W tym roku, podobnie jak w poprzednich, na nieopłaconych grobach urzędnicy umieścili rzucające się w oczy naklejki z ogłoszeniem. Przypominają o konieczności wniesienia opłaty i ostrzegają, że jeżeli nie wpłynie ona na konto ZCK, to grób zostanie zlikwidowany.

Jakie są zasady? Opłacenie pojedynczego grobu na okres 20 lat kosztuje 650 zł. Ale można dokonać opłaty także na 10 lat, wtedy koszt zmniejsza się o połowę. Pieniądze należy wpłacić w Zarządzie Cmentarzy Komunalnych lub w biurach poszczególnych cmentarzy. Osoby, który nie mieszkają na miejscu, mogą zrobić przelew na konto, które podane jest na stronie internetowej ZCK.

Jak jest skala problemu? Na wrocławskich cmentarzach jest około 190 tys. grobów, z czego kilkanaście tysięcy kwalifikuje się do likwidacji. - Wstrzymujemy się z tą decyzją. Po upływie terminu czekamy jeszcze zazwyczaj cztery lub pięć lat i dopiero wtedy usuwamy groby - mówi Zofia Kluszycka, dyrektor Zarządu Cmentarzy Komunalnych we Wrocławiu.

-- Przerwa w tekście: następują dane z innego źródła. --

lemma abs_chebyshev_le_1: "\<bar>x\<bar> \<le> 1 \<Longrightarrow> \<bar>chebyshev k x\<bar> \<le> 1"
  using chebyshev_cos[of k "arccos x"] cos_arccos[of x] by auto

lemma chebyshev_joukowski:
  assumes "\<alpha> \<noteq> 0"
  shows "chebyshev k ((\<alpha> + inverse \<alpha>) / 2) = (\<alpha> ^ k + inverse \<alpha> ^ k) / 2"
proof (induction k rule: induct_nat_012)
  case (ge2 k)
  define \<beta> where "\<beta> = inverse \<alpha>"
  have "\<alpha> * \<beta> = 1" using assms by (simp add: \<beta>_def)
  then have e: "\<alpha> * \<beta> ^ Suc k = \<beta> ^ k" "\<beta> * \<alpha> ^ Suc k = \<alpha> ^ k"
    by (metis mult.assoc mult_1 power_Suc, metis mult.assoc mult.commute mult_1 power_Suc)
  have "chebyshev (Suc (Suc k)) ((\<alpha> + \<beta>) / 2) = ((\<alpha> + \<beta>) * (\<alpha> ^ Suc k + \<beta> ^ Suc k) - (\<alpha> ^ k + \<beta> ^ k)) / 2"
    using ge2 by (simp add: \<beta>_def field_simps)
  also have "(\<alpha> + \<beta>) * (\<alpha> ^ Suc k + \<beta> ^ Suc k) = \<alpha> * \<alpha> ^ Suc k + \<beta> * \<beta> ^ Suc k + (\<alpha> * \<beta> ^ Suc k + \<beta> * \<alpha> ^ Suc k)"
    by (simp add: algebra_simps)
  also have "\<alpha> * \<beta> ^ Suc k + \<beta> * \<alpha> ^ Suc k = \<alpha> ^ k + \<beta> ^ k"
    unfolding e by simp
  finally show ?case unfolding \<beta>_def by simp
qed simp_all

lemma P_dn_chebyshev:
  assumes "g \<in> P_dn e 2 n"
  shows "(\<lambda>f. chebyshev k (g f)) \<in> P_dn e (2 * k) n"
proof (induction k rule: induct_nat_012)
  case (ge2 k)
  have "(\<lambda>f. chebyshev k (g f)) \<in> P_dn e (2 + 2 * Suc k) n"
    using ge2(1) by (rule P_dn_mono[rotated]) simp
  then have "(\<lambda>f. 2 * (g f * chebyshev (Suc k) (g f)) - chebyshev k (g f)) \<in> P_dn e (2 + 2 * Suc k) n"
    using ge2(2) by (intro P_dn_diff P_dn_scale P_dn_mult[OF assms])
  then show ?case by (simp add: algebra_simps)
qed (simp_all add: P_dn_const assms)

Dodaje, że w tym roku trzeba będzie usunąć kilkaset grobów (w pierwszym półroczu zlikwidowano ich ok. 200). Takich, które od lat są zaniedbane, nikt ich nie odwiedza, a często nie wisi tam nawet żadna tabliczka.

Najwięcej nieopłaconych grobów jest na największych nekropoliach. Na cmentarzu Osobowickim około 12 tysięcy, na Grabiszynie - 4 tysiące, w Leśnicy - około 500, a na cmentarzach Jerzmanów i Pawłowice - około 100. Po likwidacji grobu szczątki trafiają do wspólnej mogiły, z której rodzina nie może ich już odzyskać.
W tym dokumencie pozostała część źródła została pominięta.